Traditional antiviral drugs often target viral enzymes; however, these can mutate, rendering the therapies inactive and the viruses resistant to therapies. The researchers in this study suggested instead that drugs target the host proteins required for viral replication to avoid resistance and lead to therapeutics with broad-spectrum activity.

Focused on this approach, Gordon et al. mapped the interactions between viral and human proteins for SARS-CoV-2, SARS-CoV-1 and MERS-CoV. After they expressed viral proteins in human host cells, they used mass spectrometry to identify host cell proteins that were physically associated with each viral protein, looking for conserved interactions across all three viruses. They then used genetic screening to identify host factors that either enhanced or inhibited viral infection.

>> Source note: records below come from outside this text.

definition contains_disjoint_immersions ::
  "nat \<Rightarrow> 'b set \<Rightarrow> ('b \<times> 'b) set \<Rightarrow> 'a set \<Rightarrow> ('a \<times> 'a) set \<Rightarrow> bool" where
  "contains_disjoint_immersions k VH AH V A \<longleftrightarrow>
     (\<exists>(Ws :: nat \<Rightarrow> 'a set) Bs. (\<forall>i<k. immersion_copy VH AH V A (Ws i) (Bs i)) \<and>
        (\<forall>i<k. \<forall>j<k. i \<noteq> j \<longrightarrow> Ws i \<inter> Ws j = {}))"

definition cut :: "('a \<times> 'a) set \<Rightarrow> ('a \<Rightarrow> nat) \<Rightarrow> nat \<Rightarrow> ('a \<times> 'a) set" where
  "cut A \<sigma> \<alpha> = {(u, v) \<in> A. \<sigma> u > \<alpha> \<and> \<alpha> \<ge> \<sigma> v}"

definition ordering_width :: "'a set \<Rightarrow> ('a \<times> 'a) set \<Rightarrow> ('a \<Rightarrow> nat) \<Rightarrow> nat" where
  "ordering_width V A \<sigma> = Max ((\<lambda>\<alpha>. card (cut A \<sigma> \<alpha>)) ` {0..card V})"

definition cutwidth :: "'a set \<Rightarrow> ('a \<times> 'a) set \<Rightarrow> nat" where
  "cutwidth V A = Min {ordering_width V A \<sigma> | \<sigma>. bij_betw \<sigma> V {1..card V}}"

end

theory Submission
  imports Defs
begin
lemma upper_prob_cyl_set_truncation:
  assumes fsys: "forecasting_system \<phi>"
    and tail: "upper_prob \<phi> (cyl_set S - cyl_set {s \<in> S. length s < l}) \<le> \<epsilon>"
  shows "\<bar>upper_prob \<phi> (cyl_set S) - hit_value \<phi> S l []\<bar> \<le> \<epsilon>"
proof -
  have "hit_value \<phi> S l [] \<le> upper_prob \<phi> (cyl_set S)"
    unfolding upper_prob_cyl_set_short[OF fsys, symmetric]
    by (rule upper_prob_mono[OF fsys]) (auto simp: cyl_set_def)
  moreover have "upper_prob \<phi> (cyl_set S)
      \<le> upper_prob \<phi> (cyl_set S - cyl_set {s \<in> S. length s < l}) + hit_value \<phi> S l []"
    unfolding upper_prob_cyl_set_short[OF fsys, symmetric] by (rule upper_prob_subadditive[OF fsys]) auto
  ultimately show ?thesis using tail by linarith
qed

lemma real_mult_half_power_le: "real l * (1/2) ^ (Suc N + l) \<le> (1/2) ^ Suc N"
proof -
  have "real l \<le> 2 ^ l" using less_exp[of l] by (metis less_imp_le of_nat_le_iff of_nat_numeral of_nat_power)
  hence "real l * (1/2) ^ l \<le> 1" by (simp add: power_one_over field_simps)
  hence "real l * (1/2) ^ l * (1/2) ^ Suc N \<le> 1 * (1/2) ^ Suc N" by (intro mult_right_mono) auto
  thus ?thesis by (simp add: power_add algebra_simps)
qed

text \<open>Half of the error budget \<open>(1/2)^N\<close> goes to cutting the test level at length \<open>l\<close>, the other
  half to the \<open>l\<close> rounding errors of the forecasts, which is why they are computed to precision
  \<open>Suc N + l\<close>.\<close>

lemma upper_prob_approx_hit_code:
  assumes fsys: "forecasting_system \<phi>"
    and member: "\<And>s. member x (enc_str s) \<noteq> 0 \<longleftrightarrow> s \<in> S"
    and lo: "\<And>s. code_val (lo x (enc_str s)) \<le> 1 \<and> \<bar>code_val (lo x (enc_str s)) - lower_fs \<phi> s\<bar> \<le> (1/2) ^ (Suc N + l)"
    and hi: "\<And>s. code_val (hi x (enc_str s)) \<le> 1 \<and> \<bar>code_val (hi x (enc_str s)) - upper_fs \<phi> s\<bar> \<le> (1/2) ^ (Suc N + l)"
    and tail: "upper_prob \<phi> (cyl_set S - cyl_set {s \<in> S. length s < l}) \<le> (1/2) ^ Suc N"
  shows "\<bar>upper_prob \<phi> (cyl_set S) - code_val (hit_code member lo hi x l [])\<bar> \<le> (1/2) ^ N"
proof -
  have "\<bar>code_val (hit_code member lo hi x l []) - hit_value \<phi> S l []\<bar> \<le> (1/2) ^ Suc N"
    using hit_code_approx[where member=member and lo=lo and hi=hi, OF fsys member lo hi, of l "[]"]
      real_mult_half_power_le[of l N] by linarith
  moreover have "\<bar>upper_prob \<phi> (cyl_set S) - hit_value \<phi> S l []\<bar> \<le> (1/2) ^ Suc N"
    by (rule upper_prob_cyl_set_truncation[OF fsys tail])
  ultimately show ?thesis unfolding abs_le_iff power_Suc by linarith
qed

lemma computable_real_upper_prob_cyl_sets:
  fixes S :: "nat \<Rightarrow> bool list set"
  assumes fsys: "forecasting_system \<phi>"
    and member: "recursive2 member" "\<And>n s. member n (enc_str s) \<noteq> 0 \<longleftrightarrow> s \<in> S n"
    and modulus: "recursive2 e"
      "\<And>N n. upper_prob \<phi> (cyl_set (S n) - cyl_set {s \<in> S n. length s < e N n}) \<le> (1/2) ^ N"
    and gL: "recursive1 gL" "\<And>s K. code_val (gL (pair (enc_str s) K)) \<le> 1 \<and>
      \<bar>code_val (gL (pair (enc_str s) K)) - lower_fs \<phi> s\<bar> \<le> (1/2) ^ K"
    and gU: "recursive1 gU" "\<And>s K. code_val (gU (pair (enc_str s) K)) \<le> 1 \<and>
      \<bar>code_val (gU (pair (enc_str s) K)) - upper_fs \<phi> s\<bar> \<le> (1/2) ^ K"
  shows "computable_real (\<lambda>n::nat. n) (\<lambda>n. upper_prob \<phi> (cyl_set (S n)))"
proof -
  define L where "L x = e (Suc (unpair2 x)) (unpair1 x)" for x
  define member' where "member' x c = member (unpair1 x) c" for x c
  define lo where "lo x c = gL (pair c (Suc (unpair2 x) + L x))" for x c
  define hi where "hi x c = gU (pair c (Suc (unpair2 x) + L x))" for x c
  have "recursive1 L" unfolding L_def by (intro recursive2_comp[OF modulus(1)] recursive1_Suc recursive1_unpair recursive1_id)
  have "recursive2 member'" unfolding recursive2_iff member'_def
    by (intro recursive2_comp[OF member(1)] recursive1_unpair recursive1_id)
  moreover have "recursive2 lo" "recursive2 hi" unfolding recursive2_iff lo_def hi_def
    by (intro recursive1_comp[OF gL(1)] recursive1_comp[OF gU(1)] recursive1_comp[OF \<open>recursive1 L\<close>]
        recursive1_pair recursive1_add recursive1_Suc recursive1_unpair recursive1_id)+
  ultimately have rat: "recursive_rat (\<lambda>x. code_rat (hit_code member' lo hi x (L x) []))"
    by (intro recursive_rat_code_rat recursive1_hit_code \<open>recursive1 L\<close>)
  have "\<bar>upper_prob \<phi> (cyl_set (S n))
      - real_of_rat (code_rat (hit_code member' lo hi (pair n N) (L (pair n N)) []))\<bar> \<le> (1/2) ^ N" for n N
    unfolding of_rat_code_rat
  proof (rule upper_prob_approx_hit_code[OF fsys])
    show "member' (pair n N) (enc_str s) \<noteq> 0 \<longleftrightarrow> s \<in> S n" for s
      unfolding member'_def unpair_pair by (rule member(2))
    show "code_val (lo (pair n N) (enc_str s)) \<le> 1 \<and>
        \<bar>code_val (lo (pair n N) (enc_str s)) - lower_fs \<phi> s\<bar> \<le> (1/2) ^ (Suc N + L (pair n N))" for s
      unfolding lo_def unpair_pair by (rule gL(2))
    show "code_val (hi (pair n N) (enc_str s)) \<le> 1 \<and>
        \<bar>code_val (hi (pair n N) (enc_str s)) - upper_fs \<phi> s\<bar> \<le> (1/2) ^ (Suc N + L (pair n N))" for s
      unfolding hi_def unpair_pair by (rule gU(2))
    show "upper_prob \<phi> (cyl_set (S n) - cyl_set {s \<in> S n. length s < L (pair n N)}) \<le> (1/2) ^ Suc N"
      using modulus(2)[where N="Suc N" and n=n] by (simp add: L_def)
  qed
  with rat show ?thesis unfolding computable_real_def by blast
qed

theorem proposition5p5:
  fixes \<phi> :: "bool list \<Rightarrow> real set" and A :: "(nat \<times> bool list) set"
  assumes "forecasting_system \<phi>" and "computable_fs \<phi>" and "schnorr_test \<phi> A"
  shows "computable_real (\<lambda>n::nat. n) (\<lambda>n. upper_prob \<phi> (cyl_set (section_of A n)))"
proof -
  obtain fA where fA: "recursive1 fA" "\<And>n s. fA (pair n (enc_str s)) = (if (n, s) \<in> A then 1 else 0)"
    using assms(3) unfolding schnorr_test_def recursive_set_def by blast
  hence member: "recursive2 (\<lambda>n c. fA (pair n c))" unfolding recursive2_def by blast
  obtain e where e: "recursive2 e" "\<And>N n l. e N n \<le> l \<Longrightarrow>
      upper_prob \<phi> (cyl_set (section_of A n) - cyl_set (section_lt A n l)) \<le> (1/2) ^ N"
    using assms(3) unfolding schnorr_test_def by blast
  obtain gL gU where gL: "recursive1 gL" "\<And>s K. code_val (gL (pair (enc_str s) K)) \<le> 1 \<and>
      \<bar>code_val (gL (pair (enc_str s) K)) - lower_fs \<phi> s\<bar> \<le> (1/2) ^ K"
    and gU: "recursive1 gU" "\<And>s K. code_val (gU (pair (enc_str s) K)) \<le> 1 \<and>
      \<bar>code_val (gU (pair (enc_str s) K)) - upper_fs \<phi> s\<bar> \<le> (1/2) ^ K"
    using computable_fs_clamp_codes[OF assms(1,2)] by metis
  show ?thesis
  proof (rule computable_real_upper_prob_cyl_sets[OF assms(1) member _ e(1) _ gL gU])
    show "fA (pair n (enc_str s)) \<noteq> 0 \<longleftrightarrow> s \<in> section_of A n" for n s
      by (simp add: fA(2) section_of_def)
    show "upper_prob \<phi> (cyl_set (section_of A n) - cyl_set {s \<in> section_of A n. length s < e N n}) \<le> (1/2) ^ N"
      for N n using e(2)[of N n "e N n"] by (simp add: section_lt_def)
  qed
qed

end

Later in the study the team sought to connect their in vitro molecular data to clinical information for COVID-19 patients. They analysed data from roughly 740,000 US patients with documented SARS-CoV-2 infection and assessed whether patients treated with drugs against selected targets identified in their study fared better than controls treated with clinically similar drugs that do not act on coronavirus host factors. The authors reported that patients who received drugs focused against some of the targets identified in their study had better outcomes.

“Replication in other patient cohorts and further work will be needed to see if there is therapeutic value in these connections, but at the very least we have demonstrated a strategy wherein protein network analyses can be used to make testable predictions from real-world, clinical information,” concluded the authors of the study published in Science.